-- INFORMATION SUPPLIED --
theorem proposition2:
  fixes X :: "'x set" and v :: "'x \<Rightarrow> real^'K" and lam :: real
    and Sk U D :: "real^'K^'K"
  assumes "finite X"
    and "\<forall>x\<in>X. v x \<noteq> 0"
    and "lam \<ge> 0"
    and "invertible Sk"
    and "orthogonal_mat U" and "diagonal_mat D"
    and "Amat X v Sk = U ** D ** transpose U"
    and "pos_def (D + lam *\<^sub>R mat 1)"
  shows "invertible (diag_inv_sqrt (D + lam *\<^sub>R mat 1) ** transpose U)
    \<and> (\<forall>S. invertible S \<longrightarrow>
          RF X v lam Sk (diag_inv_sqrt (D + lam *\<^sub>R mat 1) ** transpose U) \<le> RF X v lam Sk S)"
proof -
  \<comment> \<open>Only the factorization of \<open>Amat\<close> and the positive definiteness of \<open>D + lam I\<close> enter.\<close>
  define E where "E = D + lam *\<^sub>R mat 1"
  define R where "R = diag_matrix (\<lambda>i. sqrt (E$i$i))"
  define P where "P = U ** R"
  define S\<^sub>0 where "S\<^sub>0 = diag_inv_sqrt E ** transpose U"
  have E_pos: "0 < E$i$i" for i
    using assms(8) unfolding E_def by (rule pos_def_diagonal_pos)
  have "diagonal_mat E"
    unfolding E_def using assms(6) by (rule diagonal_mat_add_mat)
  have UtU: "transpose U ** U = mat 1" and UUt: "U ** transpose U = mat 1"
    using assms(5) by (simp_all add: orthogonal_mat_def)
  have "P ** transpose P = U ** (R ** transpose R) ** transpose U"
    by (simp add: P_def matrix_transpose_mul matrix_mul_assoc)
  also have "\<dots> = Amat X v Sk + lam *\<^sub>R mat 1"
    using diag_sqrt_mult_transpose[OF \<open>diagonal_mat E\<close>] E_pos
    by (simp add: R_def E_def assms(7) UUt less_imp_le matrix_add_ldistrib matrix_add_rdistrib
        matrix_scalar_ac scalar_matrix_assoc[symmetric])
  finally have PPt: "P ** transpose P = Amat X v Sk + lam *\<^sub>R mat 1" .
  have "S\<^sub>0 ** P = diag_inv_sqrt E ** (transpose U ** U) ** R"
    by (simp add: S\<^sub>0_def P_def matrix_mul_assoc)
  then have S\<^sub>0_P: "S\<^sub>0 ** P = mat 1"
    using diag_inv_sqrt_mult_diag_sqrt[OF E_pos] by (simp add: UtU R_def)
  have "RF X v lam Sk S\<^sub>0 \<le> RF X v lam Sk S" if "invertible S" for S
  proof -
    have "det S \<noteq> 0"
      using that by (simp add: invertible_det_nz)
    from trace_minus_ln_det_minimal[OF S\<^sub>0_P this] show ?thesis
      unfolding RF_eq_trace PPt by (rule mult_left_mono) simp
  qed
  moreover have "invertible S\<^sub>0"
    using S\<^sub>0_P invertible_right_inverse by blast
  ultimately show ?thesis
    by (simp add: S\<^sub>0_def E_def)
qed
theorem theorem2p6:
  fixes T :: "real set" and M :: "'a measure"
    and X Y :: "real \<Rightarrow> 'a \<Rightarrow> real" and \<psi> :: "real \<Rightarrow> real"
  assumes "prob_space M"
    and "\<forall>b. \<exists>t\<in>T. t \<ge> b"
    and "\<And>t. t \<in> T \<Longrightarrow> X t \<in> borel_measurable M"
    and "\<And>t. t \<in> T \<Longrightarrow> Y t \<in> borel_measurable M"
    and "\<And>t. t \<in> T \<Longrightarrow> integrable M (\<lambda>\<omega>. (X t \<omega>)\<^sup>2)"
    and "\<And>t. t \<in> T \<Longrightarrow> integrable M (\<lambda>\<omega>. (Y t \<omega>)\<^sup>2)"
    and "d_ast_le T M X Y"
    and "strict_mono \<psi>"
    and "\<exists>L. L-lipschitz_on UNIV \<psi>"
    and "\<And>t. t \<in> T \<Longrightarrow> integrable M (\<lambda>\<omega>. (\<psi> (X t \<omega>))\<^sup>2)"
    and "\<And>t. t \<in> T \<Longrightarrow> integrable M (\<lambda>\<omega>. (\<psi> (Y t \<omega>))\<^sup>2)"
    and "\<exists>C>0. \<exists>t0\<in>T. \<forall>t\<in>T. t \<ge> t0 \<longrightarrow>
           W2sq (dist_fun M (X t)) (dist_fun M (Y t))
             \<le> C * W2sq (dist_fun M (\<lambda>\<omega>. \<psi> (X t \<omega>))) (dist_fun M (\<lambda>\<omega>. \<psi> (Y t \<omega>)))"
  shows "d_ast_le T M (\<lambda>t \<omega>. \<psi> (X t \<omega>)) (\<lambda>t \<omega>. \<psi> (Y t \<omega>))"
proof -
  obtain L where lip: "L-lipschitz_on UNIV \<psi>" using assms(9) by blast
  obtain C t0 where C: "C > 0" and W: "\<forall>t\<in>T. t \<ge> t0 \<longrightarrow>
      W2sq (dist_fun M (X t)) (dist_fun M (Y t))
        \<le> C * W2sq (dist_fun M (\<lambda>\<omega>. \<psi> (X t \<omega>))) (dist_fun M (\<lambda>\<omega>. \<psi> (Y t \<omega>)))"
    using assms(12) by blast
  let ?F = "at_top \<sqinter> principal T"
  let ?\<epsilon> = "\<lambda>t. eps_W2 (dist_fun M (X t)) (dist_fun M (Y t))"
  let ?\<epsilon>\<psi> = "\<lambda>t. eps_W2 (dist_fun M (\<lambda>\<omega>. \<psi> (X t \<omega>))) (dist_fun M (\<lambda>\<omega>. \<psi> (Y t \<omega>)))"
  have bound: "?\<epsilon>\<psi> t \<le> L\<^sup>2 * C * ?\<epsilon> t" if t: "t \<in> T" "t \<ge> t0" for t
    using assms(3,5)[OF t(1)] assms(4,6)[OF t(1)] W t
    by (intro eps_W2_dist_fun_comp_le[OF assms(1) _ _ _ _ assms(8) lip C]) auto
  have "eventually (\<lambda>t. t \<in> T \<and> t \<ge> t0) ?F"
    unfolding eventually_inf_principal by (rule eventually_mono[OF eventually_ge_at_top]) auto
  then have le: "eventually (\<lambda>t. ?\<epsilon>\<psi> t \<le> L\<^sup>2 * C * ?\<epsilon> t) ?F"
    by (rule eventually_mono) (use bound in blast)
  have nonneg: "eventually (\<lambda>t. 0 \<le> ?\<epsilon>\<psi> t) ?F"
    by (simp add: eps_W2_nonneg)
  have lim: "((\<lambda>t. L\<^sup>2 * C * ?\<epsilon> t) \<longlongrightarrow> 0) ?F"
    using tendsto_mult_right_zero[of ?\<epsilon> ?F "L\<^sup>2 * C"] assms(7) by (simp add: d_ast_le_def)
  show ?thesis
    unfolding d_ast_le_def using tendsto_sandwich[OF nonneg le tendsto_const lim] .
qed

end
lemma Cc_plusE:
  assumes "Cc_plus f"
  obtains g R M where "continuous_on UNIV g" "\<And>s. 0 \<le> s \<Longrightarrow> f s = g s"
    "0 < R" "\<And>s. R < s \<Longrightarrow> g s = 0" "\<And>s. \<bar>g s\<bar> \<le> M"
proof -
  obtain g where g: "smooth_fun g" "bounded {x. g x \<noteq> 0}" "\<And>s. 0 \<le> s \<Longrightarrow> f s = g s"
    using assms unfolding Cc_plus_def by blast
  obtain R where R: "0 < R" and support: "\<And>x. g x \<noteq> 0 \<Longrightarrow> \<bar>x\<bar> \<le> R"
    using g(2) unfolding bounded_pos by auto
  have cont: "continuous_on UNIV g"
    using g(1) by (rule smooth_fun_continuous)
  then have "compact (g ` cball 0 R)"
    by (intro compact_continuous_image) (auto intro: continuous_on_subset)
  then obtain M where M: "\<And>x. x \<in> cball 0 R \<Longrightarrow> \<bar>g x\<bar> \<le> M"
    by (meson compact_imp_bounded bounded_real image_eqI)
  have "\<bar>g s\<bar> \<le> M" for s
    using M[of s] M[of 0] support[of s] R by (cases "g s = 0") auto
  moreover have "g s = 0" if "R < s" for s
  proof (rule ccontr)
    assume "g s \<noteq> 0"
    then have "\<bar>s\<bar> \<le> R"
      by (rule support)
    with that abs_ge_self[of s] show False
      by linarith
  qed
  ultimately show ?thesis
    using that cont g(3) R by blast
qed

lemma L2_sq_mult_le:
  assumes [measurable]: "u \<in> borel_measurable borel" and g: "\<And>s. 0 < s \<Longrightarrow> \<bar>g s\<bar> \<le> M"
  shows "L2_sq (\<lambda>s. g s * u s) \<le> ennreal (M\<^sup>2) * L2_sq u"
proof -
  have "L2_sq (\<lambda>s. g s * u s)
      \<le> (\<integral>\<^sup>+ s. ennreal (M\<^sup>2) * (ennreal ((u s)\<^sup>2) * indicator {0<..} s) \<partial>lborel)"
    unfolding L2_sq_def
  proof (rule nn_integral_mono)
    fix s :: real
    show "ennreal ((g s * u s)\<^sup>2) * indicator {0<..} s
        \<le> ennreal (M\<^sup>2) * (ennreal ((u s)\<^sup>2) * indicator {0<..} s)"
    proof (cases "0 < s")
      case True
      then have "(g s)\<^sup>2 \<le> M\<^sup>2"
        using g[OF True] by (metis abs_ge_zero power2_abs power_mono)
      then have "ennreal ((g s * u s)\<^sup>2) \<le> ennreal (M\<^sup>2 * (u s)\<^sup>2)"
        by (intro ennreal_leI) (simp add: power_mult_distrib mult_right_mono)
      then show ?thesis
        using True by (simp add: ennreal_mult)
    qed simp
  qed
  also have "\<dots> = ennreal (M\<^sup>2) * L2_sq u"
    unfolding L2_sq_def by (rule nn_integral_cmult) measurable
  finally show ?thesis .
qed
sublocale scalar_autonomous_ode "Fode s \<gamma> u" y
proof
  show "\<exists>h. continuous_on UNIV h \<and> (\<forall>x. Fode s \<gamma> u x - Fode s \<gamma> u e = (x - e) * h x)" for e
    by (rule Fode_difference_quotient)
  show "(y has_real_derivative Fode s \<gamma> u (y t)) (at t within {0..})" if "0 \<le> t" for t
    using solution that unfolding is_solution_def by blast
qed

lemma initial_value: "y 0 = y\<^sub>0"
  using solution unfolding is_solution_def by blast

lemma tendsto_ybar2_if_u_le_s:
  assumes "u < s \<or> u = s \<and> s < \<gamma>" and "y\<^sub>0 < 1"
  shows "(y \<longlongrightarrow> ybar2 s \<gamma> u) at_top"
proof -
  note roots = ybar2_lt_one_le_ybar3[OF gamma_pos assms(1)]
  show ?thesis
  proof (rule tendsto_stable_equilibrium[OF _ Fode_one])
    show "Fode s \<gamma> u (ybar2 s \<gamma> u) = 0"
      using gamma_pos roots(1) by simp
    show "0 < Fode s \<gamma> u x" if "x < ybar2 s \<gamma> u" for x
      using that roots by (intro Fode_pos_below_roots gamma_pos) auto
    show "Fode s \<gamma> u x < 0" if "ybar2 s \<gamma> u < x" and "x < 1" for x
      using that roots by (intro Fode_neg_between_roots gamma_pos) auto
  qed (simp add: initial_value assms(2))
qed
(* Let $X$ be a non-negative absolutely continuous random variable with CDF $F$ and PDF $f$ (the common distribution of the identically distributed component lifetimes of a coherent system), and let $T$ be the system lifetime, with CDF $F_T(x)=q(F(x))$ and PDF $f_T(x)=q'(F(x))f(x)$, where $q$ is the distortion function of the system. Let $0<\alpha<\infty$, $\alpha\ne1$, $\beta>0$, and put $\psi_\alpha(u)=f_T^\alpha(F_T^{-1}(u))$ and $\phi_\alpha(u)=f^\alpha(F^{-1}(u))$ for $0\le u\le1$. If $\psi_\alpha(q(u))\ge \phi_\alpha(u)$ for all $0\le u\le 1$, then $R^\alpha_\beta(T)\ge R^\alpha_\beta(X)$ for $\{\alpha>1,\beta\le1\}$ or $\{0<\alpha<1,\beta\ge1\}$, and $R^\alpha_\beta(T)\le R^\alpha_\beta(X)$ for $\{\alpha>1,\beta\ge1\}$ or $\{0<\alpha<1,\beta\le1\}$. If instead $\psi_\alpha(q(u))\le \phi_\alpha(u)$ for all $0\le u\le1$, then all these inequalities between $R^\alpha_\beta(T)$ and $R^\alpha_\beta(X)$ are reversed.
   Context: For a non-negative absolutely continuous random variable $Z$ with PDF $h$, the Rényi information generating function is $R^\alpha_\beta(Z)=\frac{1}{1-\alpha}\left(\int_0^\infty h^\alpha(x)\,dx\right)^{\beta-1}$; all integrals are assumed finite. A distortion function is a continuous increasing (differentiable) function $q:[0,1]\to[0,1]$ with $q(0)=0$, $q(1)=1$; it depends on the structure of the system and the copula of the component lifetimes. Quantile functions are $F^{-1}(u)=\inf\{x:F(x)\ge u\}$. *)

theory Defs
  imports "HOL-Probability.Probability"
begin

definition quantile :: "(real \<Rightarrow> real) \<Rightarrow> real \<Rightarrow> real" where
  "quantile G u = Inf {x. u \<le> G x}"

definition renyi_igf :: "real \<Rightarrow> real \<Rightarrow> (real \<Rightarrow> real) \<Rightarrow> real" where
  "renyi_igf \<alpha> \<beta> h = (1 / (1 - \<alpha>)) * (LBINT x:{0..}. h x powr \<alpha>) powr (\<beta> - 1)"

end

theory Submission
  imports Defs
begin

text \<open>
  Since \<open>f\<^sub>T = (q' \<circ> F) f\<close>, the hypothesis at \<open>u = F x\<close> compares \<open>f\<^sub>T x\<close> with \<open>f x\<close>
  pointwise: for almost every \<open>x\<close> with \<open>f x > 0\<close> we have \<open>F\<^sup>-\<^sup>1 (F x) = x\<close>, and
  \<open>F\<^sub>T\<^sup>-\<^sup>1 (q (F x)) = x\<close> unless \<open>q\<close> is constant on an interval ending at \<open>F x\<close>, where \<open>q'\<close>
  vanishes and the comparison becomes trivial. Integrating, \<open>\<integral> f\<^sup>\<alpha>\<close> and \<open>\<integral> f\<^sub>T\<^sup>\<alpha>\<close> are
  ordered, and the sign of \<open>1/(1 - \<alpha>)\<close> together with the monotonicity of \<open>t \<mapsto> t\<^sup>\<beta>\<^sup>-\<^sup>1\<close>
  gives the four inequalities.
\<close>

lemma distributed_real_distribution:
  assumes "prob_space M" and "distributed M lborel Y g"
  shows "real_distribution (density lborel g)"
proof -
  have "prob_space (distr M lborel Y)"
    using prob_space.prob_space_distr[OF assms(1) distributed_measurable[OF assms(2)]] .
  then show ?thesis
    using assms(2) by (simp add: distributed_distr_eq_density real_distribution_def real_distribution_axioms_def)
qed

lemma distributed_cdf:
  assumes "distributed M lborel Y g"
  shows "cdf (density lborel g) x = measure M {\<omega> \<in> space M. Y \<omega> \<le> x}"
proof -
  have "cdf (density lborel g) x = measure (distr M lborel Y) {..x}"
    using assms by (simp add: distributed_distr_eq_density cdf_def)
  also have "\<dots> = measure M (Y -` {..x} \<inter> space M)"
    using distributed_measurable[OF assms] by (intro measure_distr) auto
  finally show ?thesis
    by (simp add: vimage_def Int_def conj_commute)
qed

lemma continuous_cdf_density:
  assumes "real_distribution (density lborel g)" and g: "g \<in> borel_measurable lborel"
  shows "continuous_on UNIV (cdf (density lborel g))"
proof -
  interpret real_distribution "density lborel g" by fact
  have "emeasure (density lborel g) {x} = 0" for x
    using AE_lborel_singleton[of x] g
    by (subst emeasure_density) (auto intro!: nn_integral_0_iff_AE[THEN iffD2] elim!: AE_mp)
  then show ?thesis
    by (auto simp: continuous_on_eq_continuous_at isCont_cdf measure_def)
qed

lemma cdf_zero_if_AE_nonneg:
  assumes "real_distribution N" and "continuous_on UNIV (cdf N)" and "AE x in N. 0 \<le> x"
  shows "cdf N 0 = 0"
proof -
  interpret real_distribution N by fact
  have "{..<0} \<subseteq> {x. cdf N x = 0}"
    using assms(3) by (auto simp: cdf_def prob_eq_0 elim!: AE_mp)
  moreover have "closed {x. cdf N x = 0}"
    using assms(2) by (intro closed_Collect_eq continuous_on_const) auto
  ultimately have "closure {..<0::real} \<subseteq> {x. cdf N x = 0}"
    by (rule closure_minimal)
  then show ?thesis by auto
qed

lemma set_integral_powr_density_pos:
  fixes g :: "real \<Rightarrow> real"
  assumes "real_distribution (density lborel (\<lambda>x. ennreal (g x)))"
    and g: "(\<lambda>x. ennreal (g x)) \<in> borel_measurable lborel"
    and cdf0: "cdf (density lborel (\<lambda>x. ennreal (g x))) 0 = 0"
    and int: "set_integrable lborel {0..} (\<lambda>x. g x powr \<alpha>)"
  shows "0 < (LBINT x:{0..}. g x powr \<alpha>)"
proof -
  let ?N = "density lborel (\<lambda>x. ennreal (g x))"
  interpret real_distribution ?N by fact
  have "prob {0<..} = 1"
    using prob_compl[of "{..0}"] cdf0 by (simp add: cdf_def Compl_eq_Diff_UNIV[symmetric])
  moreover have "prob {0<..} \<le> prob {0..}"
    by (rule finite_measure_mono) auto
  ultimately have "emeasure ?N {0..} \<noteq> 0"
    by (simp add: emeasure_eq_measure)
  then have "\<not> (AE x in lborel. indicator {0..} x *\<^sub>R g x powr \<alpha> = 0)"
  proof (rule contrapos_nn)
    assume "AE x in lborel. indicator {0..} x *\<^sub>R g x powr \<alpha> = 0"
    then have "AE x in lborel. ennreal (g x) * indicator {0..} x = 0"
      by eventually_elim (auto simp: indicator_def)
    then show "emeasure ?N {0..} = 0"
      using g by (simp add: emeasure_density nn_integral_0_iff_AE)
  qed
  moreover have "0 \<le> (LBINT x:{0..}. g x powr \<alpha>)"
    unfolding set_lebesgue_integral_def by (intro integral_nonneg_AE) (simp add: indicator_def)
  moreover have "(LBINT x:{0..}. g x powr \<alpha>) = 0 \<longleftrightarrow>
      (AE x in lborel. indicator {0..} x *\<^sub>R g x powr \<alpha> = 0)"
    unfolding set_lebesgue_integral_def using int
    by (intro integral_nonneg_eq_0_iff_AE) (auto simp: set_integrable_def)
  ultimately show ?thesis
    by linarith
qed

lemma bdd_below_superlevel_set:
  fixes G :: "real \<Rightarrow> real"
  assumes "(G \<longlongrightarrow> 0) at_bot" and "0 < u"
  shows "bdd_below {x. u \<le> G x}"
proof -
  obtain N where "\<And>x. x \<le> N \<Longrightarrow> G x < u"
    using order_tendstoD(2)[OF assms] by (auto simp: eventually_at_bot_linorder)
  then have "N \<le> x" if "u \<le> G x" for x
    using that by (meson linorder_not_le nle_le)
  then show ?thesis
    by (auto simp: bdd_below_def)
qed

lemma quantile_le:
  assumes "(G \<longlongrightarrow> 0) at_bot" and "0 < u" and "u \<le> G x"
  shows "quantile G u \<le> x"
  unfolding quantile_def using bdd_below_superlevel_set[OF assms(1,2)] assms(3)
  by (intro cInf_lower) auto

text \<open>Both sides are the junk value \<open>Inf (UNIV :: real set)\<close>.\<close>
lemma quantile_eq_quantile_zero:
  assumes "\<And>x. 0 \<le> G x" and "\<And>x. 0 \<le> H x"
  shows "quantile G 0 = quantile H 0"
  using assms by (simp add: quantile_def)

-- WHAT THE TASK REQUIRES --
Go back to the listing above. Copy word for word the lines from the one with "by (rule Fode_difference_quotient)" through the one with "using gamma_pos roots(1) by simp", and nothing more.

-- SOLUTION --
    by (rule Fode_difference_quotient)
  show "(y has_real_derivative Fode s \<gamma> u (y t)) (at t within {0..})" if "0 \<le> t" for t
    using solution that unfolding is_solution_def by blast
qed

lemma initial_value: "y 0 = y\<^sub>0"
  using solution unfolding is_solution_def by blast

lemma tendsto_ybar2_if_u_le_s:
  assumes "u < s \<or> u = s \<and> s < \<gamma>" and "y\<^sub>0 < 1"
  shows "(y \<longlongrightarrow> ybar2 s \<gamma> u) at_top"
proof -
  note roots = ybar2_lt_one_le_ybar3[OF gamma_pos assms(1)]
  show ?thesis
  proof (rule tendsto_stable_equilibrium[OF _ Fode_one])
    show "Fode s \<gamma> u (ybar2 s \<gamma> u) = 0"
      using gamma_pos roots(1) by simp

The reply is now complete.